O przedszkolu



Z racji pobytu na turnusie Anię ominęły uroczystości związane z końcem roku w przedszkolu. Za to po powrocie czekały na nią prezenty, dyplom przedszkolaka i album utworzony z prac Ani z całego roku. To był chyba największy prezent zarówno dla Ani jak i rodziców (mamie łezka zakręciła się w oku). Album od kilku dni jest namiętnie wertowany, Ania podczas przeglądania co jakiś czas powtarza „sama”  „dzieci”, co znaczy zrobiłam sama w przedszkolu.
Jesteśmy pełni podziwu dla Pań przedszkolanek i wszystkich terapeutów pracujących z Anią. To dzięki nim Ania ledwo co otworzy oczy rano, już krzyczy Tata! Dzieci! i każe się wieść do przedszkola, zawsze z uśmiechem i radością. A jak czasem długo nie może wyjść ze swojej Sali (no bo zanim pożegna się kilka razy ze wszystkimi paniami i dziećmi) może minąć sporo czasu. Wypadałaby napisać kilka słów podsumowania po pierwszym roku pobytu w przedszkolu, bo przecież działo się co niemiara. Dzieci jeździły na hipoterapię, wybierały się na przeróżne wycieczki: do sali zabaw, do sklepu, Palmiarni, Muzeum Chleba, odwiedziły m.in. gabinet dentystyczny i prawdziwe gospodarstwo rolne, a same gościły w przedszkolu kucharza czy górnika. Zdjęcia z wydarzeń można obejrzeć na stronie przedszkola.
 Ania na pewno jest jeszcze śmielsza, kontaktowa, mowa wyraźnie ruszyła do przodu, choć na razie to pojedyncze słowa, ale za to nowe. Jesteśmy przekonani, że Ania jest w dobrych rękach. Skrzydła już rozwinięte, czekamy na wzlot.

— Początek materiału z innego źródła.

theorem lemma3p11:
  fixes f :: "real^'n \<Rightarrow> real" and gradf :: "real^'n \<Rightarrow> real^'n"
    and c :: "real^'n \<Rightarrow> real^'m" and Jc :: "real^'n \<Rightarrow> real^'n^'m"
    and X :: "(real^'n) set" and \<gamma> :: "'m \<Rightarrow> real"
    and L \<Gamma> \<kappa>H \<zeta> \<sigma> Mv \<tau>min :: real
    and x d :: "nat \<Rightarrow> real^'n" and y :: "nat \<Rightarrow> real^'m"
    and H :: "nat \<Rightarrow> real^'n^'n" and J :: "nat \<Rightarrow> real^'n^'m"
    and P :: "nat \<Rightarrow> 'w measure"
    and G D :: "nat \<Rightarrow> 'w \<Rightarrow> real^'n" and Y :: "nat \<Rightarrow> 'w \<Rightarrow> real^'m"
    and kbar :: nat
  assumes
    \<comment> \<open>Standing Assumption\<close>
    X_open: "open X" and X_convex: "convex X" and x_in_X: "\<forall>k. x k \<in> X"
    and f_deriv: "\<forall>z\<in>X. (f has_derivative (\<lambda>v. gradf z \<bullet> v)) (at z)"
    and gradf_cont: "continuous_on X gradf"
    and f_bdd_below: "\<exists>b. \<forall>z\<in>X. b \<le> f z"
    and gradf_bdd: "bounded (gradf ` X)"
    and gradf_lip: "\<forall>u\<in>X. \<forall>v\<in>X. norm (gradf u - gradf v) \<le> L * norm (u - v)"
    and c_deriv: "\<forall>z\<in>X. (c has_derivative (\<lambda>v. Jc z *v v)) (at z)"
    and c_bdd: "bounded (c ` X)" and Jc_bdd: "bounded (Jc ` X)"
    and gradc_lip: "\<forall>i. \<forall>u\<in>X. \<forall>v\<in>X. norm (row i (Jc u) - row i (Jc v)) \<le> \<gamma> i * norm (u - v)"
    and Gamma_def: "\<Gamma> = (\<Sum>i\<in>UNIV. \<gamma> i)"
    and sing_vals: "\<exists>s>0. \<forall>z\<in>X. \<forall>v. s * norm v \<le> norm (transpose (Jc z) *v v)"
    \<comment> \<open>Algorithm parameter\<close>
    and sigma_range: "0 < \<sigma>" "\<sigma> < 1"
    \<comment> \<open>Matrix Assumption\<close>
    and J_def: "\<forall>k. J k = Jc (x k)"
    and H_sym: "\<forall>k. transpose (H k) = H k"
    and H_norm: "\<forall>k. onorm (\<lambda>v. H k *v v) \<le> \<kappa>H"
    and zeta_pos: "0 < \<zeta>"
    and H_curv: "\<forall>k u. J k *v u = 0 \<longrightarrow> \<zeta> * (norm u)\<^sup>2 \<le> u \<bullet> (H k *v u)"
    \<comment> \<open>deterministic search directions\<close>
    and det_dir: "\<forall>k. H k *v d k + transpose (J k) *v y k = - gradf (x k)
                       \<and> J k *v d k = - c (x k)"
    \<comment> \<open>Event E_tau,small, conditional distribution at iteration k >= kbar\<close>
    and tau_pos: "0 < \<tau>min"
    and tau_le_trial: "\<forall>k\<ge>kbar. ereal \<tau>min \<le> tau_trial \<sigma> (c (x k)) (gradf (x k)) (H k) (d k)"
    and prob: "\<forall>k\<ge>kbar. prob_space (P k)"
    and G_meas: "\<forall>k\<ge>kbar. G k \<in> borel_measurable (P k)"
    and G_int: "\<forall>k\<ge>kbar. integrable (P k) (G k)"
    and G_unbiased: "\<forall>k\<ge>kbar. integral\<^sup>L (P k) (G k) = gradf (x k)"
    and G_var_int: "\<forall>k\<ge>kbar. integrable (P k) (\<lambda>w. (norm (G k w - gradf (x k)))\<^sup>2)"
    and G_var: "\<forall>k\<ge>kbar. integral\<^sup>L (P k) (\<lambda>w. (norm (G k w - gradf (x k)))\<^sup>2) \<le> Mv"
    and stoch_dir: "\<forall>k\<ge>kbar. \<forall>w\<in>space (P k).
                      H k *v D k w + transpose (J k) *v Y k w = - G k w
                      \<and> J k *v D k w = - c (x k) \<and> D k w \<noteq> 0"
  shows "\<forall>k\<ge>kbar.
           integral\<^sup>L (P k) (\<lambda>w. delta_q c (x k) \<tau>min (G k w) (H k) (D k w))
             \<le> delta_q c (x k) \<tau>min (gradf (x k)) (H k) (d k) + \<tau>min / \<zeta> * Mv"
proof (intro allI impI)
  fix k assume "kbar \<le> k"
  interpret prob_space "P k"
    using prob \<open>kbar \<le> k\<close> by blast
  obtain s where "0 < s" and s: "\<forall>v. s * norm v \<le> norm (transpose (J k) *v v)"
    using sing_vals x_in_X J_def by metis
  have inj: "v = 0" if "transpose (J k) *v v = 0" for v
    using s[rule_format, of v] that \<open>0 < s\<close> by (simp add: mult_le_0_iff)
  obtain a where a: "\<forall>G D Y. H k *v D + transpose (J k) *v Y = - G \<and> J k *v D = - c (x k) \<longrightarrow>
      delta_q c (x k) \<tau>min G (H k) D
        \<le> delta_q c (x k) \<tau>min (gradf (x k)) (H k) (d k) + a \<bullet> (G - gradf (x k))
           + \<tau>min / \<zeta> * (norm (G - gradf (x k)))\<^sup>2"
    using delta_q_perturbation_bound[OF H_sym[rule_format] _ zeta_pos inj] H_curv tau_pos det_dir
    by (metis less_imp_le)
  show "expectation (\<lambda>w. delta_q c (x k) \<tau>min (G k w) (H k) (D k w))
      \<le> delta_q c (x k) \<tau>min (gradf (x k)) (H k) (d k) + \<tau>min / \<zeta> * Mv"
  proof (rule expectation_le_of_unbiased_quadratic_bound)
    show "0 \<le> delta_q c (x k) \<tau>min (gradf (x k)) (H k) (d k)"
      using delta_q_nonneg_if_tau_le_trial tau_le_trial tau_pos sigma_range \<open>kbar \<le> k\<close>
      by (meson less_imp_le)
    show "delta_q c (x k) \<tau>min (G k w) (H k) (D k w)
        \<le> delta_q c (x k) \<tau>min (gradf (x k)) (H k) (d k) + a \<bullet> (G k w - gradf (x k))
           + \<tau>min / \<zeta> * (norm (G k w - gradf (x k)))\<^sup>2" if "w \<in> space (P k)" for w
      using a stoch_dir \<open>kbar \<le> k\<close> that by blast
  qed (use G_int G_unbiased G_var_int G_var \<open>kbar \<le> k\<close> tau_pos zeta_pos in auto)
qed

Jesteśmy wdzięczni za godziny spędzone z Anią nad talerzem podczas posiłków (panie nie chcą ujawniać swoich tajemnic, mama wciąż nie wie, jak to robią, ale Zazul w przedszkolu je!), za ogromną dozę wyrozumiałości, cierpliwości i pogodę ducha, za słowa wsparcia i dużo troski o Anię. Szczególne podziękowania kierujemy do wychowawczyni Ani - wspaniałej Pani Gosiu, której z racji zmiany pracy (z tą wizją dopiero się oswajamy i za co nieco się gniewamy) w przyszłym roku nie zobaczymy.